Stephanie Kwolek | |
---|---|
Born | Stephanie Louise Kwolek July 31, 1923 New Kensington, Pennsylvania, United States |
Died | June 18, 2014 Wilmington, Delaware United States |
(aged 90)
Residence | Wilmington, Delaware |
Nationality | American |
Fields | Organic chemistry |
Institutions | DuPont |
Alma mater | Carnegie Mellon University |
Known for | Kevlar |
Notable awards | DuPont company's Lavoisier Medal (1995) National Medal of Technology Perkin Medal (1997) Howard N. Potts Medal |
Stephanie Kwolek, "I don't think there's anything like saving someone's life to bring you satisfaction and happiness", "Women in Chemistry", Chemical Heritage Foundation |
Stephanie Louise Kwolek (July 31, 1923 – June 18, 2014) was an American chemist, whose career at the DuPont company spanned over forty years. She is best known for inventing the first of a family of synthetic fibers of exceptional strength and stiffness: poly-paraphenylene terephthalamide—better known as Kevlar.

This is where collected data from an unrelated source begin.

definition Theta_coeff :: "(real \<Rightarrow> real) \<Rightarrow> nat \<Rightarrow> real^'n \<Rightarrow> complex" where
  "Theta_coeff phi1 j n =
     (1 / (2 * pi) ^ CARD('n)) *
     (\<Sum>m \<in> {m \<in> lattice. (norm (n - m))\<^sup>2 = real j}. psi_coeff phi1 m)"

end

(*
  For a lattice point m \<noteq> 0 the integral of e^{-imx} over the cube vanishes, so psi_m is,
  up to the factor -(2 pi)^{-N}, the Fourier transform of the compactly supported function
  phi1(|x|). If |m_i| is the largest coordinate of m, translating by h = pi / |m_i| along the
  i-th axis multiplies this transform by -1, so the l-th forward difference with step h
  multiplies it by (-2)^l. As phi1 is constant near 0, phi1(|x|) is smooth and its l-th
  differences are O(h^l) uniformly; hence psi_m = O((1 + |m|_oo)^{-L}) for every L.

  The lattice points contributing to (Theta_j)_n with k \<le> sqrt j < k + 1 lie in the shell
  k \<le> |n - m| < k + 1, where 1 + ||n| - k| \<le> (sqrt N + 2)(1 + |m|_oo). Spending 2N powers of
  the decay on the summable weight prod_j (1 + |m_j|)^{-2} and l powers on this inequality
  bounds sum_j |(Theta_j)_n|, whose square dominates the sum of squares.
*)

theory Submission
  imports Defs "HOL-Computational_Algebra.Polynomial"
begin

section \<open>Forward differences\<close>

fun forward_diff :: "'a::plus \<Rightarrow> nat \<Rightarrow> ('a \<Rightarrow> 'b::minus) \<Rightarrow> 'a \<Rightarrow> 'b" where
  "forward_diff h 0 f = f"
| "forward_diff h (Suc l) f = (\<lambda>x. forward_diff h l f (x + h) - forward_diff h l f x)"

lemma forward_diff_translate:
  fixes f :: "'a::ab_semigroup_add \<Rightarrow> 'b::minus"
  shows "forward_diff h l (\<lambda>u. f (u + t)) v = forward_diff h l f (v + t)"
  by (induction l arbitrary: v) (auto simp: add_ac)

lemma forward_diff_along_line:
  fixes q :: "'a::real_vector \<Rightarrow> 'b::minus"
  shows "forward_diff (h *\<^sub>R e) l q x = forward_diff h l (\<lambda>u. q (x + u *\<^sub>R e)) 0"
proof (induction l arbitrary: x)
  case 0
  then show ?case by simp
next
  case (Suc l)
  have "forward_diff h l (\<lambda>u. q (x + h *\<^sub>R e + u *\<^sub>R e)) 0
      = forward_diff h l (\<lambda>u. q (x + u *\<^sub>R e)) (0 + h)"
    using forward_diff_translate[of h l "\<lambda>u. q (x + u *\<^sub>R e)" h 0] by (simp add: algebra_simps)
  then show ?case using Suc by simp
qed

For her discovery, Kwolek was awarded the DuPont company's Lavoisier Medal for outstanding technical achievement. As of February 2015, she was the only female employee to have received that honor. In 1995 she became the fourth woman to be added to the National Inventors Hall of Fame. Kwolek won numerous awards for her work in polymer chemistry, including the National Medal of Technology, the IRI Achievement Award and the Perkin Medal.
Kwolek was born to Polish immigrant parents in the Pittsburgh suburb of New Kensington, Pennsylvania, in 1923. Her father, John Kwolek (Polish: Jan Chwałek), died when she was ten years old. He was a naturalist by avocation, and Kwolek spent hours with him, as a child, exploring the natural world. She attributed her interest in science to him and an interest in fashion to her mother, Nellie (Zajdel) Kwolek.
In 1946, Kwolek earned a Bachelor of Science degree with a major in chemistry from Margaret Morrison Carnegie College of Carnegie Mellon University. She had planned to become a doctor and hoped she could earn enough money from a temporary job in a chemistry-related field to attend medical school.
In 1946, Hale Charch, a future mentor to Kwolek, offered her a position at DuPont's Buffalo, New York, facility. Charch had initially told Kwolek that he would contact her within two weeks, but after Kwolek said she had to answer another job offer and insisted on a faster reply, Charch immediately offered her the position. She reportedly got her job because of the amount of men that were overseas at the time for World War II. She only kept her job after the war because of her extensive research on polymers. While Kwolek initially only intended to work for DuPont temporarily, she found the work interesting and decided to stay rather than pursuing a medical career, moving to Wilmington, Delaware, in 1950 to continue to work for DuPont. After about nine years with the company, she created Kevlar. In 1959, she won the first of many awards, a publication award from the American Chemical Society (ACS). The paper, The Nylon Rope Trick, demonstrated a way of producing nylon in a beaker at room temperature. It is still the basis of a common classroom experiment.